Haldyn Glass: Revenues across the last two quarters increased Rs 3.46 crore; Ebitda increased Rs 3.58 crore. Interest cover in excess of 55x indicates the company is funds-flush in a capex-intensive business. Consider the Ebit momentum across five quarters: Rs 3 crore – Rs 3.37 crore – Rs 2.96 crore – Rs 4.89 crore – Rs 8.38 crore. Market cap around Rs 235 crore. There is a new twist to the story: Haldyn Glass is on the verge of commissioning a joint venture with Heinz Glas International GMBH, Germany, for the manufacture of perfume and cosmetic glass bottles, benefits of which should reflect from 2017-18.
Webel SL Energy: The company is engaged in the manufacture of solar photovoltaic cells and modules. Ebitda increased from Rs 4.58 crore in Q2 to Rs 7.97 crore in the third quarter. This is what I like: Capacity increased from 120 Mw to 200 Mw effective December 2016; it is virtually zero-debt following financial restructuring; it is adequately de-risked from sectoral price meltdown; interest outflow was negligible, order book is multi-month, production take-off has commenced and this is perhaps the only listed presentable post-restructured balance sheet in a loss-laden sector passing through its biggest expansion phase in its history. Market cap: Rs 113 crore.

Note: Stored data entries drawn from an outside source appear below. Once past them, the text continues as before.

lemma partner_scale_bounds:
  assumes "G \<subseteq> cball 0 1" "x \<in> G" "cone_partners \<beta> G x \<noteq> {}"
  shows "0 < partner_scale \<beta> G x" "partner_scale \<beta> G x \<le> 2"
    and "\<And>y. y \<in> cone_partners \<beta> G x \<Longrightarrow> dist x y \<le> partner_scale \<beta> G x"
    and "\<exists>y\<in>cone_partners \<beta> G x. partner_scale \<beta> G x / 2 < dist x y"
proof -
  have "cone_partners \<beta> G x \<subseteq> cball 0 1" "norm x \<le> 1" "x \<notin> cone_partners \<beta> G x"
    using assms(1,2) by (auto simp: cone_partners_def)
  from Sup_dist_bounds[OF this(1,2) assms(3) this(3)]
  show "0 < partner_scale \<beta> G x" "partner_scale \<beta> G x \<le> 2"
    and "\<And>y. y \<in> cone_partners \<beta> G x \<Longrightarrow> dist x y \<le> partner_scale \<beta> G x"
    and "\<exists>y\<in>cone_partners \<beta> G x. partner_scale \<beta> G x / 2 < dist x y"
    unfolding partner_scale_def by blast+
qed

lemma H1_partner_box_le:
  assumes "G \<subseteq> cball 0 1" and density: "\<And>x. x \<in> G \<Longrightarrow> cone_density E \<beta> x \<le> ennreal \<epsilon>"
    and "0 \<le> \<epsilon>" "0 < \<beta>" "\<beta> < 1/2" "c \<in> G" "cone_partners \<beta> G c \<noteq> {}"
  defines "h \<equiv> partner_scale \<beta> G c"
  shows "H1 {z \<in> E. \<bar>fst z - fst c\<bar> < h / 8 \<and> \<bar>snd z - snd c\<bar> < 10 * h}
    \<le> ennreal (920 * \<epsilon>) * ennreal (h / 40)"
proof -
  note h = partner_scale_bounds[OF assms(1,6,7), folded h_def]
  obtain y where "y \<in> cone_partners \<beta> G c" and far: "h / 2 < dist c y" using h(4) by blast
  then have "y \<in> G" and steep: "2 * \<beta> * \<bar>fst y - fst c\<bar> \<le> \<bar>snd y - snd c\<bar>"
    by (auto simp: cone_partners_def)
  have "H1 {z \<in> E. \<bar>fst z - fst c\<bar> < h / 8 \<and> \<bar>snd z - snd c\<bar> < 10 * h} \<le> ennreal (23 * \<epsilon> * h)"
    using H1_box_le[OF assms(4,5,3) density[OF \<open>c \<in> G\<close>] density[OF \<open>y \<in> G\<close>] steep far
        h(3)[OF \<open>y \<in> cone_partners \<beta> G c\<close>]] .
  also have "\<dots> = ennreal (920 * \<epsilon>) * ennreal (h / 40)"
    using \<open>0 \<le> \<epsilon>\<close> h(1) by (simp flip: ennreal_mult)
  finally show ?thesis .
qed

lemma partner_centres_separated:
  assumes "G \<subseteq> cball 0 1" "\<beta> < 1/2" "c \<in> G" "d \<in> G" "c \<noteq> d"
    and "cone_partners \<beta> G c \<noteq> {}" "cone_partners \<beta> G d \<noteq> {}"
    and "disjnt (cball (squash c) (partner_scale \<beta> G c / 40))
                (cball (squash d) (partner_scale \<beta> G d / 40))"
  shows "(partner_scale \<beta> G c / 40 + partner_scale \<beta> G d / 40) / 2 \<le> \<bar>fst c - fst d\<bar>"
proof -
  note hc = partner_scale_bounds[OF assms(1,3,6)] and hd = partner_scale_bounds[OF assms(1,4,7)]
  have "dist c d \<le> partner_scale \<beta> G c" if "2 * \<beta> * \<bar>fst d - fst c\<bar> \<le> \<bar>snd d - snd c\<bar>"
    using hc(3) that assms(4,5) by (auto simp: cone_partners_def)
  then have "(partner_scale \<beta> G c + partner_scale \<beta> G d) / 80 \<le> \<bar>fst c - fst d\<bar>"
    using assms(2,8) hc(1) hd(1) by (intro squash_cballs_disjnt_imp_separated) auto
  then show ?thesis by simp
qed

lemma partner_scales_packing:
  assumes "G \<subseteq> cball 0 1" "\<beta> < 1/2" "countable C" "C \<subseteq> {x \<in> G. cone_partners \<beta> G x \<noteq> {}}"
    and "pairwise (\<lambda>c d. disjnt (cball (squash c) (partner_scale \<beta> G c / 40))
                                (cball (squash d) (partner_scale \<beta> G d / 40))) C"
  shows "(\<integral>\<^sup>+c. ennreal (partner_scale \<beta> G c / 40) \<partial>count_space C) \<le> 4"
proof -
  have "(\<integral>\<^sup>+c. ennreal (partner_scale \<beta> G c / 40) \<partial>count_space C) \<le> ennreal (2 - (-2))"
  proof (rule interval_packing[OF \<open>countable C\<close>])
    fix c assume "c \<in> C"
    then have c: "c \<in> G" "cone_partners \<beta> G c \<noteq> {}" using assms(4) by auto
    then have "norm c \<le> 1" using assms(1) by (meson mem_cball_0 subsetD)
    then have "\<bar>fst c\<bar> \<le> 1" using norm_fst_le[of "fst c" "snd c"] by simp
    then show "0 \<le> partner_scale \<beta> G c / 40 \<and> - 2 \<le> fst c - partner_scale \<beta> G c / 40 / 2
        \<and> fst c + partner_scale \<beta> G c / 40 / 2 \<le> 2"
      using partner_scale_bounds(1,2)[OF assms(1) c] by auto
  next
    fix c d assume "c \<in> C" "d \<in> C" "c \<noteq> d"
    then show "(partner_scale \<beta> G c / 40 + partner_scale \<beta> G d / 40) / 2 \<le> \<bar>fst c - fst d\<bar>"
      using assms(4,5) unfolding pairwise_def
      by (intro partner_centres_separated[OF assms(1,2)]) auto
  qed
  then show ?thesis by simp
qed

Asian Oilfield: The new management assumed control in the second quarter of FY17. The management turned the company around in Q3 (its first in control). I have three broad clues on the way forward: Bullish downstream prospects, dearth of listed seismic exploration players and a hefty inflow of maintenance orders. The stock did a rope trick on Friday, so I am keeping vigil for an opportune decline.
In the meantime, can anyone lend me some punt money?